[llvm-dev] Statically linking against libc++
Mehdi Amini via llvm-dev
llvm-dev at lists.llvm.org
Mon Apr 10 08:57:33 PDT 2017
> On Apr 10, 2017, at 6:49 AM, Carsten Mattner <carstenmattner at gmail.com> wrote:
>
> On Mon, Apr 10, 2017 at 8:42 AM, C Bergström <cbergstrom at pathscale.com> wrote:
>> -DBUILD_SHARED_LIBS=OFF should be exactly that, but as I think
>> someone else indicated there's a bit of work for it to actually be
>> what it advertises to be.
>
> Mehdi wrote it's correct for all of the listed dynlibs to be
> installed.
I can be wrong as well :)
But here that’s not my reading of the documentation: http://llvm.org/docs/CMake.html <http://llvm.org/docs/CMake.html>
BUILD_SHARED_LIBS:BOOL
Flag indicating if each LLVM component (e.g. Support) is built as a shared library (ON) or as a static library (OFF). Its default value is OFF. On Windows, shared libraries may be used when building with MinGW, including mingw-w64, but not when building with the Microsoft toolchain.

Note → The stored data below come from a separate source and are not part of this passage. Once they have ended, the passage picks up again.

lemma prob_planted_not_LV_solvable_eq_0:
  assumes "1 \<le> k" "k \<le> n"
    and rep: "\<And>F j. F j \<in> flats n k \<Longrightarrow> valid_pair n k (rep F j) \<and> flat_of n (rep F j) = F j"
  shows "measure_pmf.prob (P_planted n k m) {F. \<not> LV_solvable n k m (rep F)} = 0"
proof -
  have "LV_solvable n k m (rep F)" if F: "F \<in> set_pmf (P_planted n k m)" for F
  proof -
    have "set_pmf (pmf_of_set (Pow {..<n})) = Pow {..<n}"
      by (rule set_pmf_of_set) auto
    then obtain x where x: "x \<subseteq> {..<n}" and Fx: "F \<in> set_pmf (Pi_pmf {..<m} {} (\<lambda>_. qx n k x))"
      using F by (auto simp: P_planted_def)
    have "\<not> L_eval n k (fst (rep F j)) (map Not (snd (rep F j))) (\<lambda>S. S \<subseteq> x)" if "j < m" for j
    proof -
      have "F j \<in> set_pmf (qx n k x)"
        using Fx that unfolding set_Pi_pmf[OF finite_lessThan] PiE_dflt_def by auto
      then have Fj: "F j \<in> flats n k" "x \<notin> F j"
        using set_pmf_qx[OF assms(1,2) x] by auto
      obtain ls eps where p: "rep F j = (ls, eps)"
        by (cases "rep F j")
      then have "valid_pair n k (ls, eps)" "flat_of n (ls, eps) = F j"
        using rep[of F j] Fj(1) by simp_all
      then show ?thesis
        using L_eval_subset_indicator_iff_mem_flat[of n k ls eps x] x Fj(2) unfolding p by simp
    qed
    then show ?thesis
      unfolding LV_solvable_def by (intro exI[of _ "\<lambda>S. S \<subseteq> x"]) simp
  qed
  then show ?thesis
    by (auto simp: measure_pmf_zero_iff)
qed

lemma Delta_k_eq: "Delta_k k = ln (1 / 2) / ln (1 - 1 / 2 ^ k)"
proof -
  have "2 powr (- real k) = 1 / 2 ^ k"
    by (simp add: powr_minus powr_realpow divide_inverse)
  then show ?thesis
    unfolding Delta_k_def by simp
qed

lemma two_mult_powr_lt_1_of_gt_Delta_k:
  assumes "1 \<le> k" "Delta_k k < \<Delta>"
  shows "2 * (1 - 1 / 2 ^ k) powr \<Delta> < 1"
proof -
  define q :: real where "q = 1 - 1 / 2 ^ k"
  have "(2::real) ^ 1 \<le> 2 ^ k"
    using assms(1) by (intro power_increasing) auto
  then have "0 < q" "q < 1"
    by (auto simp: q_def field_simps)
  then have "\<Delta> * ln q < ln (1 / 2)"
    using assms(2) by (simp add: Delta_k_eq q_def[symmetric] neg_divide_less_eq)
  then have "ln (2 * q powr \<Delta>) < 0"
    using \<open>0 < q\<close> by (simp add: ln_mult ln_powr ln_div)
  then show ?thesis
    using \<open>0 < q\<close> by (simp add: q_def[symmetric] ln_less_zero_iff)
qed

lemma two_pow_mult_pow_ceiling_le:
  fixes q \<Delta> :: real
  assumes "0 < q" "q \<le> 1" "2 * q powr \<Delta> \<le> 1" "1 \<le> k"
  shows "2 ^ (n ^ k + 1) * q ^ nat \<lceil>\<Delta> * real n ^ k\<rceil> \<le> 2 * (2 * q powr \<Delta>) ^ n"
proof -
  have "q ^ nat \<lceil>\<Delta> * real n ^ k\<rceil> \<le> q powr (\<Delta> * real n ^ k)"
    using assms(1,2) real_nat_ceiling_ge[of "\<Delta> * real n ^ k"]
    by (simp add: powr_realpow[symmetric] powr_mono')
  then have "2 ^ (n ^ k + 1) * q ^ nat \<lceil>\<Delta> * real n ^ k\<rceil> \<le> 2 * (2 ^ (n ^ k) * q powr (\<Delta> * real n ^ k))"
    by simp
  also have "2 ^ (n ^ k) * q powr (\<Delta> * real n ^ k) = (2 * q powr \<Delta>) ^ (n ^ k)"
    using assms(1) by (simp add: power_mult_distrib powr_realpow[symmetric] powr_powr)
  also have "(2 * q powr \<Delta>) ^ (n ^ k) \<le> (2 * q powr \<Delta>) ^ n"
  proof (rule power_decreasing)
    show "n \<le> n ^ k"
      using assms(4) by (cases n) (auto intro: self_le_power)
  qed (use assms(3) in auto)
  finally show ?thesis
    by simp
qed

lemma norm_LV_test_error_le:
  assumes "1 \<le> k" "Delta_k k < \<Delta>" "k \<le> n"
    and "\<And>F j. F j \<in> flats n k \<Longrightarrow> valid_pair n k (rep F j) \<and> flat_of n (rep F j) = F j"
  shows "norm (let m = nat \<lceil>\<Delta> * real n ^ k\<rceil> in
            max (measure_pmf.prob (P_unif_data n k m) {D. LV_solvable n k m D})
                (measure_pmf.prob (P_planted n k m) {F. \<not> LV_solvable n k m (rep F)}))
         \<le> 2 * (2 * (1 - 1 / 2 ^ k) powr \<Delta>) ^ n"
proof -
  define m where "m = nat \<lceil>\<Delta> * real n ^ k\<rceil>"
  have "measure_pmf.prob (P_unif_data n k m) {D. LV_solvable n k m D} \<le> 2 ^ (n ^ k + 1) * (1 - 1 / 2 ^ k) ^ m"
    by (rule prob_unif_LV_solvable_le[OF assms(3)])
  also have "\<dots> \<le> 2 * (2 * (1 - 1 / 2 ^ k) powr \<Delta>) ^ n"
    unfolding m_def using two_mult_powr_lt_1_of_gt_Delta_k[OF assms(1,2)] assms(1)
    by (intro two_pow_mult_pow_ceiling_le) auto
  moreover have "measure_pmf.prob (P_planted n k m) {F. \<not> LV_solvable n k m (rep F)} = 0"
    by (rule prob_planted_not_LV_solvable_eq_0[OF assms(1,3)]) (simp add: assms(4))
  ultimately show ?thesis
    by (simp add: m_def[symmetric])
qed

theorem mainTheorem8:
  fixes k :: nat and \<Delta> :: real
    and rep :: "nat \<Rightarrow> (nat \<Rightarrow> nat set set) \<Rightarrow> nat \<Rightarrow> nat set list \<times> bool list"
  assumes "k \<ge> 1"
    and "\<Delta> > Delta_k k"
    and "\<And>n F j. F j \<in> flats n k \<Longrightarrow>
           valid_pair n k (rep n F j) \<and> flat_of n (rep n F j) = F j"
  shows "(\<lambda>n. let m = nat \<lceil>\<Delta> * real n ^ k\<rceil> in
            max (measure_pmf.prob (P_unif_data n k m) {D. LV_solvable n k m D})
                (measure_pmf.prob (P_planted n k m) {F. \<not> LV_solvable n k m (rep n F)}))
         \<longlonglongrightarrow> 0"
proof -
  have geometric: "(\<lambda>n. 2 * (2 * (1 - 1 / 2 ^ k) powr \<Delta>) ^ n) \<longlonglongrightarrow> 0"
    using two_mult_powr_lt_1_of_gt_Delta_k[OF assms(1,2)]
    by (intro tendsto_mult_right_zero LIMSEQ_power_zero) simp
  show ?thesis
    by (rule Lim_null_comparison[OF eventually_mono[OF eventually_ge_at_top[of k]] geometric])
      (rule norm_LV_test_error_le[OF assms(1,2)], assumption, erule assms(3))
qed

end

This applies to the individual LLVM component. I don’t think the shared lib you mentioned are part of this.
>
>> This could get gray when you consider that you really need to decide
>> - did you mean compiler internal libs or runtime stuff. libomp.so vs
>> libLLVM.so is two entirely different use cases.
>
> Yep, I'm talking about zero LLVM libs needed at runtime after linking,
> unlike say libstdc++ and libgcc needed in your typical Linux
> executable.
When I build clang, I always get libc++.so and libc++.a ; I don’t think there is an option to have clang always link libc++ statically afterward though. I believe it requires to opt-in explicitly when you link with clang.